**Task to complete**
If a line includes "with", copy it out of the entries.

***** Listed records *****

lemma U_sub_eliminates_coordinates:
  fixes y :: "complex^'n"
  assumes "finite T" "j \<notin> T" "T \<subseteq> S" "j \<in> S"
  shows "\<exists>h\<in>U_sub S. \<forall>i\<in>T. (h *v y) $ i = 0"
  using assms
proof (induction T rule: finite_induct)
  case empty
  then show ?case using one_mat_in_U_sub by blast
next
  case (insert t T)
  then obtain h where h: "h \<in> U_sub S" "\<forall>i\<in>T. (h *v y) $ i = 0" by auto
  have "t \<noteq> j" using insert.prems by auto
  then obtain c where c: "c \<in> U_sub {t, j}" "(c *v (h *v y)) $ t = 0"
    using givens_rotation_eliminates[of t j "h *v y"] by blast
  have "{t, j} \<subseteq> S" using insert.prems by auto
  then have cS: "c \<in> U_sub S" using c(1) U_sub_mono by blast
  have ctj: "identity_outside {t, j} c" using c(1) by (simp add: U_sub_iff)
  have "((c ** h) *v y) $ i = 0" if "i \<in> insert t T" for i
  proof (cases "i = t")
    case False
    then have "i \<in> T" "i \<notin> {t, j}" using that insert.prems by auto
    then show ?thesis
      using h(2) by (simp add: identity_outside_mult_vec_nth[OF ctj] flip: matrix_vector_mul_assoc)
  qed (use c in \<open>simp flip: matrix_vector_mul_assoc\<close>)
  then show ?case using mult_in_U_sub[OF cS h(1)] by blast
qed

lemma U_sub_remove_fixed_coordinate:
  assumes m: "m \<in> U_sub (insert k S)" and col: "\<And>i. m $ i $ k = (if i = k then 1 else 0)"
  shows "m \<in> U_sub S"
proof -
  have "(\<Sum>l\<in>UNIV. (cmod (m $ k $ l))\<^sup>2) = 1"
    using m by (intro unitary_row_norm) (simp add: U_sub_iff)
  moreover have "(\<Sum>l\<in>UNIV. (cmod (m $ k $ l))\<^sup>2) = 1 + (\<Sum>l\<in>UNIV - {k}. (cmod (m $ k $ l))\<^sup>2)"
    using col[of k] by (simp add: sum.remove[of UNIV k])
  ultimately have "\<forall>l\<in>UNIV - {k}. (cmod (m $ k $ l))\<^sup>2 = 0"
    by (simp add: sum_nonneg_eq_0_iff)
  then have row: "m $ k $ l = (if k = l then 1 else 0)" for l
    using col[of k] by auto
  have "identity_outside (insert k S) m" using m by (simp add: U_sub_iff)
  then have "identity_outside S m"
    unfolding identity_outside_def using row col by (metis insert_iff)
  then show ?thesis using m by (simp add: U_sub_iff)
qed

lemma U_sub_insert_rotate_to_basis:
  fixes u :: "complex^'n"
  assumes jS: "j \<in> S" and kS: "k \<notin> S" and u: "\<And>i. i \<notin> insert k S \<Longrightarrow> u $ i = 0"
  shows "\<exists>h\<in>U_sub S. \<exists>c\<in>U_sub {j, k}. \<exists>r\<ge>0.
           \<forall>i. (c *v (h *v u)) $ i = (if i = k then complex_of_real r else 0)"
proof -
  obtain h where h: "h \<in> U_sub S" "\<forall>i\<in>S - {j}. (h *v u) $ i = 0"
    using U_sub_eliminates_coordinates[of "S - {j}" j S u] jS by auto
  have "j \<noteq> k" using jS kS by auto
  then obtain c r where c: "c \<in> U_sub {j, k}" "(c *v (h *v u)) $ j = 0"
      "(c *v (h *v u)) $ k = complex_of_real r" and r: "r \<ge> 0"
    using givens_rotation_eliminates[of j k "h *v u"]
    by (metis real_sqrt_ge_zero add_nonneg_nonneg zero_le_power2)
  have "(c *v (h *v u)) $ i = (if i = k then complex_of_real r else 0)" for i
  proof (cases "i = k \<or> i = j")
    case False
    have "identity_outside {j, k} c" "identity_outside S h"
      using c(1) h(1) by (simp_all add: U_sub_iff)
    then have "(c *v (h *v u)) $ i = (h *v u) $ i" "i \<notin> S \<Longrightarrow> (h *v u) $ i = u $ i"
      using False by (simp_all add: identity_outside_mult_vec_nth)
    then show ?thesis using h(2) u False by (cases "i \<in> S") auto
  qed (use c \<open>j \<noteq> k\<close> in auto)
  then show ?thesis using h(1) c(1) r by blast
qed

text \<open>Rotating the \<open>k\<close>-th column of \<open>g\<close> onto the \<open>k\<close>-th basis vector
  by a factor from \<open>U_S\<close> followed by one from \<open>U_{j,k}\<close> leaves a unitary that fixes that
  basis vector, hence lies in \<open>U_S\<close>.\<close>

lemma U_sub_insert_decomp:
  fixes g :: "complex^'n^'n"
  assumes jS: "j \<in> S" and kS: "k \<notin> S" and g: "g \<in> U_sub (insert k S)"
  shows "\<exists>h c m. h \<in> U_sub S \<and> c \<in> U_sub {j, k} \<and> m \<in> U_sub S \<and> g = h ** c ** m"
proof -
  define u :: "complex^'n" where "u = (\<chi> i. g $ i $ k)"
  have "u $ i = 0" if "i \<notin> insert k S" for i
    using g that by (auto simp: U_sub_iff identity_outside_def u_def)
  then obtain h c r where h: "h \<in> U_sub S" and c: "c \<in> U_sub {j, k}" and r: "r \<ge> 0"
    and hcu: "\<And>i. (c *v (h *v u)) $ i = (if i = k then complex_of_real r else 0)"
    using U_sub_insert_rotate_to_basis[OF jS kS] by metis
  define m where "m = c ** h ** g"
  have col: "m $ i $ k = (if i = k then complex_of_real r else 0)" for i
    unfolding hcu[symmetric]
    by (simp add: m_def matrix_vector_mul_assoc matrix_matrix_mult_nth matrix_vector_mult_nth u_def)
  have "h \<in> U_sub (insert k S)" "c \<in> U_sub (insert k S)"
    using h c jS U_sub_mono[of S "insert k S"] U_sub_mono[of "{j, k}" "insert k S"] by auto
  then have mk: "m \<in> U_sub (insert k S)"
    unfolding m_def using g by (intro mult_in_U_sub)
  have "(\<Sum>i\<in>UNIV. (cmod (m $ i $ k))\<^sup>2) = 1"
    using mk by (intro unitary_column_norm) (simp add: U_sub_iff)
  moreover have "(cmod (m $ i $ k))\<^sup>2 = (if i = k then r\<^sup>2 else 0)" for i
    using r by (simp add: col)
  ultimately have "r\<^sup>2 = 1" by simp
  then have "r = 1" using r by (simp add: power2_eq_1_iff)
  then have m: "m \<in> U_sub S"
    using U_sub_remove_fixed_coordinate[OF mk] col by simp
  have "cadj h ** h = one_mat" "cadj c ** c = one_mat"
    using h c by (auto simp: U_sub_iff)
  then have "g = cadj h ** cadj c ** m"
    by (simp add: m_def matrix_mul_assoc[symmetric] cadj_mult_cancel_left)
  then show ?thesis
    using cadj_in_U_sub[OF h] cadj_in_U_sub[OF c] m
    by (intro exI[of _ "cadj h"] exI[of _ "cadj c"] exI[of _ m]) simp
qed

fun hyperedge_products :: "('n::finite set \<Rightarrow> real) \<Rightarrow> nat \<Rightarrow> (complex^'n^'n) set" where
  "hyperedge_products w 0 = {one_mat}"
| "hyperedge_products w (Suc m) =
     {a ** g | a g B. w B > 0 \<and> a \<in> U_sub B \<and> g \<in> hyperedge_products w m}"

lemma hyperedge_products_mult:
  "g \<in> hyperedge_products w m \<Longrightarrow> g' \<in> hyperedge_products w m' \<Longrightarrow>
     g ** g' \<in> hyperedge_products w (m + m')"
proof (induction m arbitrary: g)
  case (Suc m)
  then obtain a h B where "g = a ** h" "w B > 0" "a \<in> U_sub B" "h \<in> hyperedge_products w m"
    by auto
  with Suc.IH[of h] Suc.prems(2) show ?case
    by (simp flip: matrix_mul_assoc) blast
qed simp

lemma U_sub_subset_hyperedge_products:
  assumes "w B > 0"
  shows "U_sub B \<subseteq> hyperedge_products w 1"
proof
  fix a assume "a \<in> U_sub B"
  then have "a = a ** one_mat \<and> w B > 0 \<and> a \<in> U_sub B \<and> one_mat \<in> hyperedge_products w 0"
    using assms by simp
  then show "a \<in> hyperedge_products w 1"
    by (simp only: One_nat_def hyperedge_products.simps) blast
qed

lemma hyperedge_products_subset_unitary_group:
  "hyperedge_products w m \<subseteq> unitary_group"
proof (induction m)
  case (Suc m)
  show ?case
  proof
    fix x assume "x \<in> hyperedge_products w (Suc m)"
    then obtain a g B where "x = a ** g" "a \<in> U_sub B" "g \<in> hyperedge_products w m"
      by auto
    then show "x \<in> unitary_group"
      using Suc.IH U_sub_mono[of B UNIV] mult_in_U_sub[of a UNIV g] by (auto simp: U_sub_UNIV)
  qed
qed (simp add: one_mat_in_U_sub flip: U_sub_UNIV)

lemma hypergraph_connected_crossing_edge:
  assumes "hypergraph_connected w" "S \<noteq> {}" "S \<noteq> UNIV"
  shows "\<exists>B. w B > 0 \<and> (\<exists>j\<in>B. j \<in> S) \<and> (\<exists>k\<in>B. k \<notin> S)"
proof (rule ccontr)
  assume "\<not> ?thesis"
  then have "\<forall>B. w B > 0 \<longrightarrow> B \<subseteq> S \<or> B \<subseteq> - S" by blast
  moreover have "- S \<noteq> {}" using assms(3) by auto
  ultimately have "\<exists>E1 E2. E1 \<noteq> {} \<and> E2 \<noteq> {} \<and> E1 \<inter> E2 = {} \<and> E1 \<union> E2 = UNIV \<and>
      (\<forall>B. w B > 0 \<longrightarrow> B \<subseteq> E1 \<or> B \<subseteq> E2)"
    using assms(2) by (intro exI[of _ S] exI[of _ "- S"]) auto
  then show False using assms(1) unfolding hypergraph_connected_def by blast
qed

lemma hypergraph_connected_edge_containing:
  fixes w :: "'n::finite set \<Rightarrow> real"
  assumes "CARD('n) \<ge> 2" "hypergraph_connected w"
  shows "\<exists>B. w B > 0 \<and> i \<in> B"
proof -
  have "{i} \<noteq> UNIV"
  proof
    assume "{i} = UNIV"
    then have "CARD('n) = card {i}" by simp
    with assms(1) show False by simp
  qed
  then show ?thesis
    using hypergraph_connected_crossing_edge[OF assms(2), of "{i}"] by auto
qed

lemma U_sub_insert_subset_hyperedge_products:
  assumes B: "w B > 0" "j \<in> B" "k \<in> B" and jS: "j \<in> S" and kS: "k \<notin> S"
    and S: "U_sub S \<subseteq> hyperedge_products w N"
  shows "U_sub (insert k S) \<subseteq> hyperedge_products w (N + 1 + N)"
proof
  fix g assume "g \<in> U_sub (insert k S)"
  then obtain h c m where hcm: "h \<in> U_sub S" "c \<in> U_sub {j, k}" "m \<in> U_sub S" "g = h ** c ** m"
    using U_sub_insert_decomp[OF jS kS] by blast
  have "c \<in> hyperedge_products w 1"
    using hcm(2) U_sub_mono[of "{j, k}" B] U_sub_subset_hyperedge_products[of w B] B by auto
  then show "g \<in> hyperedge_products w (N + 1 + N)"
    using hcm S hyperedge_products_mult by blast
qed

lemma unitary_group_subset_hyperedge_products:
  fixes w :: "'n::finite set \<Rightarrow> real"
  assumes n2: "CARD('n) \<ge> 2" and conn: "hypergraph_connected w"
  shows "\<exists>N. unitary_group \<subseteq> hyperedge_products w N"
proof -
  have grow: "\<exists>S N. card S = Suc m \<and> U_sub S \<subseteq> hyperedge_products w N"
    if "m < CARD('n)" for m
    using that
  proof (induction m)
    case 0
    obtain i :: 'n where "i \<in> UNIV" by blast
    obtain B where "w B > 0" "i \<in> B"
      using hypergraph_connected_edge_containing[OF n2 conn] by blast
    then have "U_sub {i} \<subseteq> hyperedge_products w 1"
      using U_sub_mono[of "{i}" B] U_sub_subset_hyperedge_products[of w B] by auto
    then show ?case by (intro exI[of _ "{i}"] exI[of _ 1]) simp
  next
    case (Suc m)
    then obtain S N where S: "card S = Suc m" "U_sub S \<subseteq> hyperedge_products w N" by auto
    have "S \<noteq> UNIV" "S \<noteq> {}" using Suc.prems S(1) by auto
    then obtain B j k where B: "w B > 0" "j \<in> B" "j \<in> S" "k \<in> B" "k \<notin> S"
      using hypergraph_connected_crossing_edge[OF conn] by blast
    then have "U_sub (insert k S) \<subseteq> hyperedge_products w (N + 1 + N)"
      using U_sub_insert_subset_hyperedge_products S(2) by blast
    moreover have "card (insert k S) = Suc (Suc m)"
      using S(1) B(5) by (simp add: card_insert_disjoint)
    ultimately show ?case by blast
  qed
  have "CARD('n) - 1 < CARD('n)" "Suc (CARD('n) - 1) = CARD('n)"
    using n2 by auto
  then obtain S N where "card S = CARD('n)" "U_sub S \<subseteq> hyperedge_products w N"
    using grow by metis
  moreover from this(1) have "S = UNIV" by (simp add: card_eq_UNIV_imp_eq_UNIV)
  ultimately show ?thesis by (auto simp: U_sub_UNIV)
qed

definition cinner :: "nat \<Rightarrow> cvect \<Rightarrow> cvect \<Rightarrow> complex" where
  "cinner d x y = (\<Sum>i<d. x i * cnj (y i))"

definition cnorm_sq :: "nat \<Rightarrow> cvect \<Rightarrow> real" where
  "cnorm_sq d x = (\<Sum>i<d. (cmod (x i))\<^sup>2)"

definition cnorm :: "nat \<Rightarrow> cvect \<Rightarrow> real" where
  "cnorm d x = L2_set (\<lambda>i. cmod (x i)) {..<d}"

lemma cnorm_sq_nonneg: "cnorm_sq d x \<ge> 0"
  by (simp add: cnorm_sq_def sum_nonneg)

lemma cnorm_nonneg: "cnorm d x \<ge> 0"
  by (simp add: cnorm_def L2_set_nonneg)

lemma cnorm_power2: "(cnorm d x)\<^sup>2 = cnorm_sq d x"
  by (simp add: cnorm_def cnorm_sq_def L2_set_def sum_nonneg)

lemma cinner_self: "cinner d x x = complex_of_real (cnorm_sq d x)"
  by (simp only: cinner_def cnorm_sq_def of_real_sum complex_norm_square)

lemma cinner_commute: "cinner d x y = cnj (cinner d y x)"
  by (simp add: cinner_def mult.commute)

lemma cinner_diff_left: "cinner d (\<lambda>i. x i - y i) z = cinner d x z - cinner d y z"
  by (simp add: cinner_def sum_subtractf left_diff_distrib)

lemma cinner_diff_right: "cinner d z (\<lambda>i. x i - y i) = cinner d z x - cinner d z y"
  by (simp add: cinner_def sum_subtractf right_diff_distrib)

lemma cinner_scale_left: "cinner d (\<lambda>i. c * x i) z = c * cinner d x z"
  by (simp add: cinner_def sum_distrib_left mult.assoc)

lemma cnorm_sq_eq_0_iff: "cnorm_sq d x = 0 \<longleftrightarrow> (\<forall>i<d. x i = 0)"
  unfolding cnorm_sq_def by (subst sum_nonneg_eq_0_iff) auto

lemma cnorm_sq_pos:
  assumes "v \<in> cvec d" "v \<noteq> (\<lambda>_. 0)"
  shows "cnorm_sq d v > 0"
proof -
  obtain i where "v i \<noteq> 0" using assms(2) by auto
  moreover from this have "i < d" using assms(1) unfolding cvec_def by (metis (mono_tags) mem_Collect_eq not_le)
  ultimately have "cnorm_sq d v \<noteq> 0" by (auto simp: cnorm_sq_eq_0_iff)
  then show ?thesis using cnorm_sq_nonneg[of d v] by linarith
qed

*****

**Task result**
  with Suc.IH[of h] Suc.prems(2) show ?case
    with assms(1) show False by simp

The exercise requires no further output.